By Subtraction

The wind shakes the chimes
into the siding, and the dog shakes too
though he doesn’t wake you
as I carry you to the bedroom. Small mouth
sipping breath, you are fish-strange,
bejeweled in the dimness of the microwave’s
nightlight. As I turn my back to the bulb
I make your form in my arms a dark weight
but you are no anchor. Together
we are sloops trailing a tiny wake in the carpet.
In the dark it’s hard to navigate the furniture
so I count distance—five paces
from the tile to the sofa. From the sofa,
twelve to the hall. I’m subtracting
my steps to see what’s left. The things
that burden me, like our lame dog’s shattered nail,
blood on the carpet from his paces
to the food dish, our drafty house, all are outpaced.
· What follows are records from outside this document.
text \<open>Take the conormal \<open>\<omega> = a (x dx + y dy) + (1 - a) dt\<close>, where
  \<open>a = a(r\<^sup>2)\<close> is a smooth step from \<open>0\<close> (for \<open>r\<^sup>2 \<le> 4/25\<close>) to \<open>1\<close> (for \<open>r\<^sup>2 \<ge> 2/5\<close>); it is
  integrable, and its leaves are the horizontal disks near the core and the tori \<open>r = const\<close>
  near the boundary.  The metric is \<open>g = I + \<sigma>(r\<^sup>2) J J\<^sup>T\<close> with \<open>J = -y \<partial>\<^sub>x + x \<partial>\<^sub>y\<close> the
  rotation field.  Since \<open>J\<close> lies in \<open>ker \<omega>\<close>, \<open>g\<close> fixes \<open>\<omega>\<close>, so the unit normal is \<open>\<omega>/|\<omega>|\<close> and
  the second fundamental form is \<open>-Q/|\<omega>|\<close> for an explicit quadratic form \<open>Q\<close>.  Where \<open>a\<close> is
  locally \<open>0\<close>, \<open>Q = 0\<close>.  Where \<open>r\<^sup>2 > 3/20\<close>, \<open>\<sigma> = (1 - r\<^sup>2)/r\<^sup>4\<close> satisfies
  \<open>r\<^sup>2 (2\<sigma> + r\<^sup>2\<sigma>') = -1\<close>, which makes the angular part of \<open>Q\<close> cancel; what remains depends
  on a vector in \<open>ker \<omega>\<close> only through its radial and \<open>t\<close> components, which are proportional
  there, so \<open>Q\<close> has rank at most one on \<open>ker \<omega>\<close> and the extrinsic curvature vanishes.  Where
  also \<open>a' = 0\<close>, \<open>Q\<close> vanishes on \<open>ker \<omega>\<close>: the tori are totally geodesic.\<close>

section \<open>Smooth functions on \<open>\<real>\<^sup>3\<close>\<close>

lemma pd_has_derivative: "(f has_derivative f') (at p) \<Longrightarrow> pd i f p = f' (axis i 1)"
  unfolding pd_def using frechet_derivative_at by metis

lemma Ck_Suc_imp_Ck: "Ck (Suc k) f \<Longrightarrow> Ck k f"
proof (induction k arbitrary: f)
  case 0
  then show ?case
    by (auto intro!: continuous_at_imp_continuous_on differentiable_imp_continuous_within)
next
  case (Suc k)
  then show ?case by (metis Ck.simps(2))
qed

lemma pd_add:
  "f differentiable (at p) \<Longrightarrow> g differentiable (at p) \<Longrightarrow>
   pd i (\<lambda>q. f q + g q) p = pd i f p + pd i g p"
  by (rule pd_has_derivative[where f' = "\<lambda>h. frechet_derivative f (at p) h + frechet_derivative g (at p) h",
        THEN trans])
     (simp_all add: has_derivative_add frechet_derivative_works pd_def)

lemma pd_mult:
  "f differentiable (at p) \<Longrightarrow> g differentiable (at p) \<Longrightarrow>
   pd i (\<lambda>q. f q * g q) p = pd i f p * g p + f p * pd i g p"
  by (rule pd_has_derivative[where f' = "\<lambda>h. f p * frechet_derivative g (at p) h + frechet_derivative f (at p) h * g p",
        THEN trans])
     (simp_all add: has_derivative_mult frechet_derivative_works pd_def)

lemma has_derivative_real_chain:
  assumes "(\<phi> has_real_derivative d) (at (u p))" and "u differentiable (at p)"
  shows "((\<lambda>q. \<phi> (u q)) has_derivative (\<lambda>h. d * frechet_derivative u (at p) h)) (at p)"
  using has_derivative_compose[of u "frechet_derivative u (at p)" p UNIV \<phi> "(*) d"] assms
  by (simp add: frechet_derivative_works has_field_derivative_def)

lemma pd_chain:
  "(\<phi> has_real_derivative d) (at (u p)) \<Longrightarrow> u differentiable (at p) \<Longrightarrow>
   pd i (\<lambda>q. \<phi> (u q)) p = d * pd i u p"
  using pd_has_derivative[OF has_derivative_real_chain] unfolding pd_def by simp

lemma pd_const: "pd i (\<lambda>q. c) p = 0"
  using pd_has_derivative[OF has_derivative_const] by simp

lemma pd_coord: "pd i (\<lambda>q. q $ j) p = (if i = j then 1 else 0)"
proof -
  have "((\<lambda>q::real^3. q $ j) has_derivative (\<lambda>h. h $ j)) (at p)"
    by (simp add: bounded_linear_imp_has_derivative bounded_linear_vec_nth bounded_linear_ident)
  then show ?thesis using pd_has_derivative by (fastforce simp: axis_def)
qed

lemma pd_minus: "f differentiable (at p) \<Longrightarrow> pd i (\<lambda>q. - f q) p = - pd i f p"
  using pd_mult[of "\<lambda>q. -1" p f i] by (simp add: pd_const)

lemma pd_diff:
  "f differentiable (at p) \<Longrightarrow> g differentiable (at p) \<Longrightarrow>
   pd i (\<lambda>q. f q - g q) p = pd i f p - pd i g p"
  using pd_add[of f p "\<lambda>q. - g q" i] pd_minus[of g p i] differentiable_minus[of g] by simp

lemmas pd_rules = pd_add pd_mult pd_diff pd_minus pd_const pd_coord

lemma Ck_const: "Ck k (\<lambda>q. c)"
proof (induction k arbitrary: c)
  case (Suc k)
  have "pd i (\<lambda>q. c) = (\<lambda>q. 0)" for i by (simp add: pd_const fun_eq_iff)
  then show ?case using Suc by simp
qed simp

lemma Ck_add: "Ck k f \<Longrightarrow> Ck k g \<Longrightarrow> Ck k (\<lambda>q. f q + g q)"
proof (induction k arbitrary: f g)
  case 0 then show ?case by (auto intro: continuous_on_add)
next
  case (Suc k)
  have "pd i (\<lambda>q. f q + g q) = (\<lambda>q. pd i f q + pd i g q)" for i
    using Suc.prems by (auto simp: pd_add)
  then show ?case using Suc by auto
qed

lemma Ck_mult: "Ck k f \<Longrightarrow> Ck k g \<Longrightarrow> Ck k (\<lambda>q. f q * g q)"
proof (induction k arbitrary: f g)
  case 0 then show ?case by (auto intro: continuous_on_mult)
next
  case (Suc k)
  have "pd i (\<lambda>q. f q * g q) = (\<lambda>q. pd i f q * g q + f q * pd i g q)" for i
    using Suc.prems by (auto simp: pd_mult)
  moreover have "Ck k f" "Ck k g" using Suc.prems Ck_Suc_imp_Ck by blast+
  ultimately show ?case using Suc by (auto intro!: Ck_add differentiable_mult)
qed

lemma Ck_coord: "Ck k (\<lambda>q. q $ j)"
proof (cases k)
  case 0 then show ?thesis by (simp add: linear_continuous_on bounded_linear_vec_nth bounded_linear_ident)
next
  case (Suc m)
  have "(\<lambda>q::real^3. q $ j) differentiable (at p)" for p
    by (simp add: bounded_linear_imp_differentiable bounded_linear_vec_nth bounded_linear_ident)
  moreover have "pd i (\<lambda>q. q $ j) = (\<lambda>q. if i = j then 1 else 0)" for i
    by (auto simp: pd_coord)
  ultimately show ?thesis using Suc by (auto simp: Ck_const)
qed

definition deriv_seq_on :: "real set \<Rightarrow> (nat \<Rightarrow> real \<Rightarrow> real) \<Rightarrow> bool" where
  "deriv_seq_on U D \<longleftrightarrow> (\<forall>n x. x \<in> U \<longrightarrow> (D n has_real_derivative D (Suc n) x) (at x))"

lemma Ck_compose:
  assumes D: "deriv_seq_on U D" and U: "\<forall>p. u p \<in> U" and u: "smooth_fun u"
  shows "Ck k (\<lambda>q. D n (u q))"
proof (induction k arbitrary: n)
  case 0
  have "continuous_on UNIV u" using u unfolding smooth_fun_def by (metis Ck.simps(1))
  moreover have "isCont (D n) (u p)" for p using D U unfolding deriv_seq_on_def
    using DERIV_isCont by blast
  ultimately have "isCont (\<lambda>q. D n (u q)) p" for p
    using continuous_at_compose[of p u "D n"] continuous_on_eq_continuous_at[of UNIV u]
    by (simp add: o_def)
  then show ?case by (simp add: continuous_at_imp_continuous_on)
next
  case (Suc k)
  have du: "u differentiable (at p)" and "Ck k (pd i u)" for p i
    using u unfolding smooth_fun_def by (metis Ck.simps(2))+
  moreover have dD: "(D n has_real_derivative D (Suc n) (u p)) (at (u p))" for p n
    using D U unfolding deriv_seq_on_def by blast
  moreover have "pd i (\<lambda>q. D n (u q)) = (\<lambda>q. D (Suc n) (u q) * pd i u q)" for i
    using pd_chain[OF dD du] by auto
  moreover have "(\<lambda>q. D n (u q)) differentiable (at p)" for p
    using has_derivative_real_chain[OF dD du] unfolding differentiable_def by blast
  ultimately show ?case using Suc by (auto intro!: Ck_mult)
qed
There are no barriers, and I step over
the hound’s dozing form as a quick gust cuts
dead branches from the pine and the drifts
lock our cars in. But I’m still counting—
the none-stars in the winter sky,
each hazily wrapped and strobing. The far bell
over the deep waters of your sleep. Two steps to the corner
where there are no animals nor animal danger. Two
to the bed where behind us the shadow of the dog
could be distant hills, where the clouds disassemble,
where your breaths pull the warmth of the room in
and where my face, my eyes are the glint of ore
from a country far away and known only in a language,
light as the syllables of exhalation.